As domestic data continues to go from strength to strength the OIS market remains fully priced for a first 25bps rate hike in March next year.

A 30% chance of a hike in January is priced. Almost 125bps of hikes are priced by the end of the year. Next Thursday’s full Monetary Policy Statement will provide the RBNZ’s updated forecasts including its 90-day bank bill track. We doubt it will hint at a hike as early as January.

NZ 2 and 5-year swap closed at 3.71% and 4.53% respectively. The former is at its highs for the cycle while 5-year remains slightly below its late November highs. We continue to see 5-year as the relatively ‘expensive’ point on the curve for hedging, based on our OCR trajectory. i.e of 200bps of rate hikes by the end of 2015.

NZ 10-year bonds closed at 4.77%, close to the middle of the 4.50-5.00% range we see for the year ahead.

Tomorrow’s DMO tender of inflation-indexed bonds will be closely watched given weakness in demand seen at the previous event.

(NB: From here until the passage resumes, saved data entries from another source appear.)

(* Let $\mathcal M\subset \mathcal M_n(\mathbb R)$ be a compact convex set of irreducible Metzler matrices, and let $\lambda(\mathcal M)$ be the real number defined below. Let $v_0:K\to\mathbb R_+$ be a continuous function, homogeneous of degree 1, positive on $K_0$, and define $v(t,x)=\sup_{M\in L^\infty(0,t)} v_0(x_M(t))$. Then for every $x\in K_0$, \[ \lim_{t\to+\infty}\frac1t\log v(t,x)=\lambda(\mathcal M), \] and the convergence is locally uniform on $K_0$.
   Context: A real $n\times n$ matrix $m$ is Metzler if $m_{ij}\ge 0$ for all $i\neq j$; it is irreducible if for every partition $\{1,\dots,n\}=I\sqcup J$ into nonempty sets there exist $i\in I$, $j\in J$ with $m_{ij}>0$. $K$ is the nonnegative orthant of $\mathbb R^n$, $K_0=K\setminus\{0\}$. For $t>0$, $L^\infty(0,t)$ denotes the set of measurable controls $M:[0,t]\to\mathcal M$, and $x_M$ is the solution of $\dot x_M(s)=M(s)x_M(s)$, $x_M(0)=x$. $\lambda(\mathcal M)$ is the (unique) real number for which there exists a function $\overline v:K\to\mathbb R_+$, homogeneous of degree 1, positive on $K_0$ and globally Lipschitz, such that $e^{\lambda(\mathcal M)t}\overline v(x)=\sup_{M\in L^\infty(0,t)}\overline v(x_M(t))$ for all $t\ge0$, $x\in K$. *)

theory Defs
  imports "HOL-Analysis.Analysis"
begin

text \<open>Dimension n is the cardinality of the finite index type 'n.
  Vectors are real^'n, matrices real^'n^'n (row i, column j: m$i$j).\<close>

definition orthant :: "(real^'n) set" where
  "orthant = {x. \<forall>i. 0 \<le> x $ i}"

definition orthant0 :: "(real^'n) set" where
  "orthant0 = orthant - {0}"

definition metzler :: "real^'n^'n \<Rightarrow> bool" where
  "metzler m \<longleftrightarrow> (\<forall>i j. i \<noteq> j \<longrightarrow> 0 \<le> m $ i $ j)"

definition irreducible_mat :: "real^'n^'n \<Rightarrow> bool" where
  "irreducible_mat m \<longleftrightarrow>
     (\<forall>I::'n set. I \<noteq> {} \<and> I \<noteq> UNIV \<longrightarrow> (\<exists>i\<in>I. \<exists>j\<in>-I. m $ i $ j > 0))"

text \<open>Controls in L^\<infinity>(0,t) with values in \<M>: measurable maps [0,t] \<rightarrow> \<M>
  (essential boundedness is automatic since \<M> is compact).\<close>
definition admissible_control :: "(real^'n^'n) set \<Rightarrow> real \<Rightarrow> (real \<Rightarrow> real^'n^'n) \<Rightarrow> bool" where
  "admissible_control Ms t M \<longleftrightarrow>
     M \<in> borel_measurable (lebesgue_on {0..t}) \<and> (\<forall>s\<in>{0..t}. M s \<in> Ms)"

text \<open>(Caratheodory) solution of x' = M(s) x, x(0) = x on [0,t], in integral form.\<close>
definition is_trajectory :: "(real \<Rightarrow> real^'n^'n) \<Rightarrow> real^'n \<Rightarrow> real \<Rightarrow> (real \<Rightarrow> real^'n) \<Rightarrow> bool" where
  "is_trajectory M x t y \<longleftrightarrow> continuous_on {0..t} y \<and>
     (\<forall>s\<in>{0..t}. (\<lambda>r. M r *v y r) integrable_on {0..s} \<and>
                  y s = x + integral {0..s} (\<lambda>r. M r *v y r))"

definition reachable :: "(real^'n^'n) set \<Rightarrow> real \<Rightarrow> real^'n \<Rightarrow> (real^'n) set" where
  "reachable Ms t x = {y t | M y. admissible_control Ms t M \<and> is_trajectory M x t y}"

definition value_fun :: "(real^'n \<Rightarrow> real) \<Rightarrow> (real^'n^'n) set \<Rightarrow> real \<Rightarrow> real^'n \<Rightarrow> real" where
  "value_fun w Ms t x = Sup (w ` reachable Ms t x)"

definition homogeneous1 :: "(real^'n \<Rightarrow> real) \<Rightarrow> bool" where
  "homogeneous1 w \<longleftrightarrow> (\<forall>x\<in>orthant. \<forall>c::real. c > 0 \<longrightarrow> w (c *\<^sub>R x) = c * w x)"

definition pos_on_cone :: "(real^'n \<Rightarrow> real) \<Rightarrow> bool" where
  "pos_on_cone w \<longleftrightarrow> (\<forall>x\<in>orthant. 0 \<le> w x) \<and> (\<forall>x\<in>orthant0. 0 < w x)"

definition lambda_M :: "(real^'n^'n) set \<Rightarrow> real" where
  "lambda_M Ms = (THE l. \<exists>w. homogeneous1 w \<and> pos_on_cone w \<and>
       (\<exists>L. L-lipschitz_on orthant w) \<and>
       (\<forall>t\<ge>0. \<forall>x\<in>orthant. exp (l * t) * w x = value_fun w Ms t x))"

end

theory Submission
  imports Defs
begin

text \<open>
  Write \<open>S(t,x)\<close> (\<open>sum_value\<close>) for the value function of the coordinate sum \<open>\<Sigma>\<^sub>i x\<^sub>i\<close>
  and \<open>B(t) = S(t,\<one>)\<close> (\<open>growth\<close>). Linearity of the dynamics makes \<open>S(t,\<cdot>)\<close> monotone, positively
  homogeneous and subadditive on the orthant, hence \<open>S(t,x) \<le> |x| B(t)\<close>, and the semigroup
  property of reachable sets gives \<open>B(s+t) \<le> B(s) B(t)\<close>. Irreducibility of one matrix of
  \<open>\<M>\<close> yields a Harnack inequality: after time 1 some reachable point dominates
  \<open>\<delta> \<Sigma>\<^sub>i x\<^sub>i \<one>\<close>, whence \<open>\<delta> B(s) B(t) \<le> B(s+1+t)\<close>. A Fekete-type argument then gives
  \<open>\<Lambda>\<close> with \<open>|ln B(t) - \<Lambda> t|\<close> bounded, so that \<open>e\<^sup>-\<^sup>\<Lambda>\<^sup>t S(t,x)\<close> is bounded above and below
  by multiples of \<open>|x|\<close> and \<open>\<Sigma>\<^sub>i x\<^sub>i\<close>. Its limit superior in \<open>t\<close> is a Lipschitz,
  homogeneous, positive eigenfunction with eigenvalue \<open>\<Lambda>\<close>, so \<open>\<Lambda> = \<lambda>(\<M>)\<close>; the same
  two-sided exponential bounds, transferred to \<open>v\<^sub>0\<close> by compactness of the simplex, give
  \<open>ln v(t,x) = \<Lambda> t + O(1)\<close> locally uniformly on \<open>K\<^sub>0\<close>.
\<close>

lemma gronwall_integral:
  fixes \<phi> :: "real \<Rightarrow> real"
  assumes cont: "continuous_on {0..t} \<phi>" and K: "K \<ge> 0"
    and le: "\<And>s. s \<in> {0..t} \<Longrightarrow> \<phi> s \<le> a + K * integral {0..s} \<phi>"
    and s: "s \<in> {0..t}"
  shows "\<phi> s \<le> a * exp (K * s)"
proof -
  define F where "F u = integral {0..u} \<phi>" for u
  define G where "G u = exp (- K * u) * (a + K * F u)" for u
  have F_deriv: "(F has_real_derivative \<phi> u) (at u within {0..t})" if "u \<in> {0..t}" for u
    unfolding F_def by (rule integral_has_real_derivative[OF cont that])
  have F_cont: "continuous_on {0..t} F"
    unfolding F_def by (rule indefinite_integral_continuous_1[OF integrable_continuous_real[OF cont]])
  have "G s \<le> G 0"
  proof (rule DERIV_nonpos_imp_decreasing_open[of 0 s G])
    show "0 \<le> s" using s by auto
    show "continuous_on {0..s} G"
      unfolding G_def using s by (intro continuous_intros continuous_on_subset[OF F_cont]) auto
    fix u assume u: "0 < u" "u < s"
    have "(F has_real_derivative \<phi> u) (at u)"
      using F_deriv[of u] u s by (simp add: at_within_Icc_at)
    then have "(G has_real_derivative exp (- K * u) * (K * \<phi> u - K * (a + K * F u))) (at u)"
      unfolding G_def by (auto intro!: derivative_eq_intros simp: algebra_simps)
    moreover have "K * \<phi> u \<le> K * (a + K * F u)"
      using le[of u] u s K by (intro mult_left_mono) (auto simp: F_def)
    ultimately show "\<exists>y. (G has_real_derivative y) (at u) \<and> y \<le> 0"
      by (intro exI conjI) (auto simp: mult_nonneg_nonpos)
  qed
  then have "a + K * F s \<le> a * exp (K * s)"
    by (simp add: G_def F_def exp_minus field_simps)
  then show ?thesis using le[OF s] by (simp add: F_def)
qed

Overnight, in the backdrop of softer equity markets, US 10-year yields subsided from 2.80% to 2.76%. There was an absence of US data releases, though this evening all eyes will be on the US ADP employment report as a precursor to Friday’s all-important payrolls report.

Today’s domestic highlight will be the release of the RBNZ’s weekly mortgage approvals data. So far, amongst NZ housing/credit data, there is nothing to convincingly suggest recent LVR restrictions are biting any harder than the RBNZ had expected. The RBNZ’s central assumption is that the restrictions should slow house price appreciation by 1-4%.